▶ REQUIRED ACTION: Two lines mark the range in the entries below: the one holding "I \<Longrightarrow> A" and the one holding "then obtain A". Set down those two and all lines between them, exactly.
****************
lemma has_real_derivative_oint:
  fixes g :: "real \<Rightarrow> real"
  assumes g: "continuous_on UNIV g"
  shows "((\<lambda>y. oint 0 y g) has_real_derivative g x) (at x)"
proof -
  have "((\<lambda>y. integral {x-1..y} g) has_real_derivative g x) (at x within {x-1..x+1})"
    by (rule integral_has_real_derivative) (auto intro: continuous_on_subset[OF g])
  moreover have "at x within {x-1..x+1} = at x"
    by (rule at_within_interior) auto
  ultimately have "((\<lambda>y. oint 0 (x-1) g + integral {x-1..y} g) has_real_derivative g x) (at x)"
    by (auto intro!: derivative_eq_intros)
  then show ?thesis
    by (rule has_field_derivative_transform_within_open[of _ _ _ "{x-1<..}"])
       (use oint_0_split[OF g, of "x-1", symmetric] in auto)
qed

lemma has_integral_global_antiderivative:
  assumes "a \<le> b" "\<And>x. (G has_real_derivative g x) (at x)"
  shows "(g has_integral (G b - G a)) {a..b}"
  by (rule fundamental_theorem_of_calculus[OF assms(1)])
     (auto simp: has_real_derivative_iff_has_vector_derivative[symmetric]
           intro: has_field_derivative_at_within assms(2))

lemma integral_by_parts_vanishing_ends:
  fixes lam mu p p' :: "real \<Rightarrow> real"
  assumes ab: "a \<le> b" and lam: "\<And>t. (lam has_real_derivative mu t) (at t)"
    and p: "\<And>t. (p has_real_derivative p' t) (at t)"
    and mu: "continuous_on UNIV mu" and p': "continuous_on UNIV p'"
    and "p a = 0" "p b = 0"
  shows "integral {a..b} (\<lambda>t. lam t * p' t) = - integral {a..b} (\<lambda>t. mu t * p t)"
proof -
  have "continuous_on UNIV lam"
    by (rule continuous_at_imp_continuous_on) (use lam DERIV_continuous in blast)
  moreover have "continuous_on UNIV p"
    by (rule continuous_at_imp_continuous_on) (use p DERIV_continuous in blast)
  ultimately have "integral {a..b} (\<lambda>t. mu t * p t + lam t * p' t)
      = integral {a..b} (\<lambda>t. mu t * p t) + integral {a..b} (\<lambda>t. lam t * p' t)"
    by (intro integral_add integrable_continuous_UNIV continuous_intros mu p')
  moreover have "((\<lambda>t. mu t * p t + lam t * p' t) has_integral (lam b * p b - lam a * p a)) {a..b}"
    by (rule has_integral_global_antiderivative[OF ab]) (auto intro!: derivative_eq_intros lam p)
  ultimately show ?thesis
    using assms(6,7) by (simp add: integral_unique)
qed
lemma st_trail_cut_window_flow:
  assumes Q: "st_trail Q" and windows: "\<forall>a\<in>set Q. 0 \<le> cut_window p a"
  defines "h \<equiv> trail_flow Q (of_int (p t - p s) - real (\<Sum>a\<leftarrow>Q. tau a))"
  shows "flow_over_time V A tail head s t tau (of_int (p t - p s)) h"
    and "flow_value A tail head t h = of_int (\<Sum>a\<in>set Q. cut_window p a)"
proof -
  have "(\<Sum>a\<in>set Q. cut_window p a) = p t - p s - int (\<Sum>a\<leftarrow>Q. tau a)"
    using st_trail_sum_diff[OF Q, of p] st_trailD(2)[OF Q]
    by (simp add: cut_window_def sum_subtractf sum_list_distinct_conv_sum_set)
  moreover have nonneg: "0 \<le> (\<Sum>a\<in>set Q. cut_window p a)"
    using windows by (intro sum_nonneg) auto
  ultimately have length: "real (\<Sum>a\<leftarrow>Q. tau a) \<le> of_int (p t - p s)"
    and width: "of_int (p t - p s) - real (\<Sum>a\<leftarrow>Q. tau a) = of_int (\<Sum>a\<in>set Q. cut_window p a)"
    by simp_all
  show "flow_over_time V A tail head s t tau (of_int (p t - p s)) h"
    unfolding h_def by (rule flow_over_time_trail_flow[OF Q length])
  show "flow_value A tail head t h = of_int (\<Sum>a\<in>set Q. cut_window p a)"
    unfolding h_def width using nonneg by (intro trail_flow_value[OF Q]) (simp del: of_int_sum)
qed
section \<open>Limits along an ultrafilter\<close>

lemma ultrafilter_onD:
  assumes "ultrafilter_on I U"
  shows "I \<in> U" and "{} \<notin> U"
    and "\<And>A B. \<lbrakk>A \<in> U; A \<subseteq> B; B \<subseteq> I\<rbrakk> \<Longrightarrow> B \<in> U"
    and "\<And>A B. \<lbrakk>A \<in> U; B \<in> U\<rbrakk> \<Longrightarrow> A \<inter> B \<in> U"
    and "\<And>A. A \<subseteq> I \<Longrightarrow> A \<in> U \<or> I - A \<in> U"
    and "\<And>A. A \<in> U \<Longrightarrow> A \<subseteq> I"
  using assms unfolding ultrafilter_on_def by blast+

definition filter_of :: "'i set set \<Rightarrow> 'i filter" where
  "filter_of U = (INF A\<in>U. principal A)"

lemma eventually_filter_of:
  assumes "ultrafilter_on I U"
  shows "eventually P (filter_of U) \<longleftrightarrow> {i \<in> I. P i} \<in> U"
proof -
  note uf = ultrafilter_onD[OF assms]
  have "eventually P (filter_of U) \<longleftrightarrow> (\<exists>A\<in>U. \<forall>i\<in>A. P i)"
    unfolding filter_of_def
  proof (subst eventually_INF_base)
    show "U \<noteq> {}" using uf(1) by blast
    show "\<exists>C\<in>U. principal C \<le> inf (principal A) (principal B)" if "A \<in> U" "B \<in> U" for A B
      using uf(4)[OF that] by auto
  qed (simp add: eventually_principal)
  also have "\<dots> \<longleftrightarrow> {i \<in> I. P i} \<in> U"
  proof
    assume "\<exists>A\<in>U. \<forall>i\<in>A. P i"
    then obtain A where "A \<in> U" "\<forall>i\<in>A. P i" by blast
    moreover have "A \<subseteq> I" using uf(6) \<open>A \<in> U\<close> .
    ultimately have "A \<subseteq> {i \<in> I. P i}" by blast
    then show "{i \<in> I. P i} \<in> U" using uf(3)[OF \<open>A \<in> U\<close>] by simp
  next
    assume "{i \<in> I. P i} \<in> U"
    then show "\<exists>A\<in>U. \<forall>i\<in>A. P i" by (rule bexI[rotated]) simp
  qed
  finally show ?thesis .
qed
text \<open>The rank r(A) = |V| - k(A) never exceeds |A|, so the nullity is a genuine difference.\<close>
lemma rank_le_card:
  assumes "finite A" "finite V" "\<And>i. i \<in> A \<Longrightarrow> fst (ends i) \<in> V \<and> snd (ends i) \<in> V"
  shows "card V - ncomps V ends A \<le> card A"
  using assms
proof (induction A rule: finite_induct)
  case empty
  have "(adj ends {})\<^sup>* `` {v} = {v}" for v by (simp add: adj_def)
  then have "ncomps V ends {} = card V"
    by (simp add: ncomps_def card_image inj_on_def)
  then show ?case by simp
next
  case (insert e A)
  obtain u v where uv: "ends e = (u,v)" by fastforce
  with insert.prems have "u \<in> V" "v \<in> V" by (metis fst_conv snd_conv insertI1)+
  with ncomps_insert[of V ends e u v, OF insert.prems(1) uv] have "ncomps V ends A - 1 \<le> ncomps V ends (insert e A)"
    by simp
  with insert show ?case by simp
qed

lemma ncomps_contract:
  assumes uv: "u \<noteq> v" "u \<in> V" "v \<in> V" and e: "ends e = (u,v)"
  shows "ncomps (V - {v}) (\<lambda>i. map_prod (merge v u) (merge v u) (ends i)) A = ncomps V ends (insert e A)"
proof -
  let ?R2 = "adj ends (insert e A)"
  let ?R' = "adj (\<lambda>i. map_prod (merge v u) (merge v u) (ends i)) A"
  have same_kernel: "?R'\<^sup>* `` {a} = ?R'\<^sup>* `` {b} \<longleftrightarrow> ?R2\<^sup>* `` {a} = ?R2\<^sup>* `` {b}"
    if "a \<in> V - {v}" "b \<in> V - {v}" for a b
  proof -
    have "{(x,y). merge v u x = merge v u y} = Id \<union> {(u,v),(v,u)}"
      using uv(1) by (auto simp: merge_def split: if_splits)
    then have "adj ends A \<union> {(x,y). merge v u x = merge v u y} = ?R2\<^sup>="
      using adj_insert[of ends e u v, OF e] by auto
    then have kernel: "(adj ends A \<union> {(x,y). merge v u x = merge v u y})\<^sup>* = ?R2\<^sup>*"
      by simp
    have "merge v u a = a" "merge v u b = b" using that by (auto simp: merge_def)
    then have "(a,b) \<in> ?R'\<^sup>* \<longleftrightarrow> (merge v u a, merge v u b) \<in> (map_prod (merge v u) (merge v u) ` adj ends A)\<^sup>*"
      by (simp add: adj_map_ends)
    also have "\<dots> \<longleftrightarrow> (a,b) \<in> ?R2\<^sup>*"
      unfolding rtrancl_image_map_prod_iff kernel ..
    finally show ?thesis unfolding sym_rtrancl_class_eq_iff[OF sym_adj] .
  qed
  have "(v,u) \<in> ?R2\<^sup>*" using adj_insert[of ends e u v, OF e] by auto
  then have "?R2\<^sup>* `` {v} \<in> (\<lambda>w. ?R2\<^sup>* `` {w}) ` (V - {v})"
    using uv by (auto simp: sym_rtrancl_class_eq_iff[OF sym_adj])
  then have "(\<lambda>w. ?R2\<^sup>* `` {w}) ` (V - {v}) = (\<lambda>w. ?R2\<^sup>* `` {w}) ` V"
    by (metis image_insert insert_Diff insert_absorb uv(3))
  moreover have "card ((\<lambda>w. ?R'\<^sup>* `` {w}) ` (V - {v})) = card ((\<lambda>w. ?R2\<^sup>* `` {w}) ` (V - {v}))"
    by (rule card_image_eq_if_same_kernel) (rule same_kernel)
  ultimately show ?thesis unfolding ncomps_def by simp
qed

text \<open>For the hard direction a path after merging is lifted to R: it is
  an R-path, or a detour, an R-path into {u,v} followed by an R-path out of {u,v}.\<close>

definition detour :: "'v \<Rightarrow> 'v \<Rightarrow> 'v rel \<Rightarrow> 'v \<Rightarrow> 'v \<Rightarrow> bool" where
  "detour u v R a b \<longleftrightarrow> (\<exists>c\<in>{u,v}. \<exists>d\<in>{u,v}. (a,c) \<in> R\<^sup>* \<and> (d,b) \<in> R\<^sup>* \<and> ((a,c) \<in> R\<^sup>+ \<or> (d,b) \<in> R\<^sup>+))"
****************
▶ EXPECTED ANSWER:
    and "\<And>A. A \<subseteq> I \<Longrightarrow> A \<in> U \<or> I - A \<in> U"
    and "\<And>A. A \<in> U \<Longrightarrow> A \<subseteq> I"
  using assms unfolding ultrafilter_on_def by blast+

definition filter_of :: "'i set set \<Rightarrow> 'i filter" where
  "filter_of U = (INF A\<in>U. principal A)"

lemma eventually_filter_of:
  assumes "ultrafilter_on I U"
  shows "eventually P (filter_of U) \<longleftrightarrow> {i \<in> I. P i} \<in> U"
proof -
  note uf = ultrafilter_onD[OF assms]
  have "eventually P (filter_of U) \<longleftrightarrow> (\<exists>A\<in>U. \<forall>i\<in>A. P i)"
    unfolding filter_of_def
  proof (subst eventually_INF_base)
    show "U \<noteq> {}" using uf(1) by blast
    show "\<exists>C\<in>U. principal C \<le> inf (principal A) (principal B)" if "A \<in> U" "B \<in> U" for A B
      using uf(4)[OF that] by auto
  qed (simp add: eventually_principal)
  also have "\<dots> \<longleftrightarrow> {i \<in> I. P i} \<in> U"
  proof
    assume "\<exists>A\<in>U. \<forall>i\<in>A. P i"
    then obtain A where "A \<in> U" "\<forall>i\<in>A. P i" by blast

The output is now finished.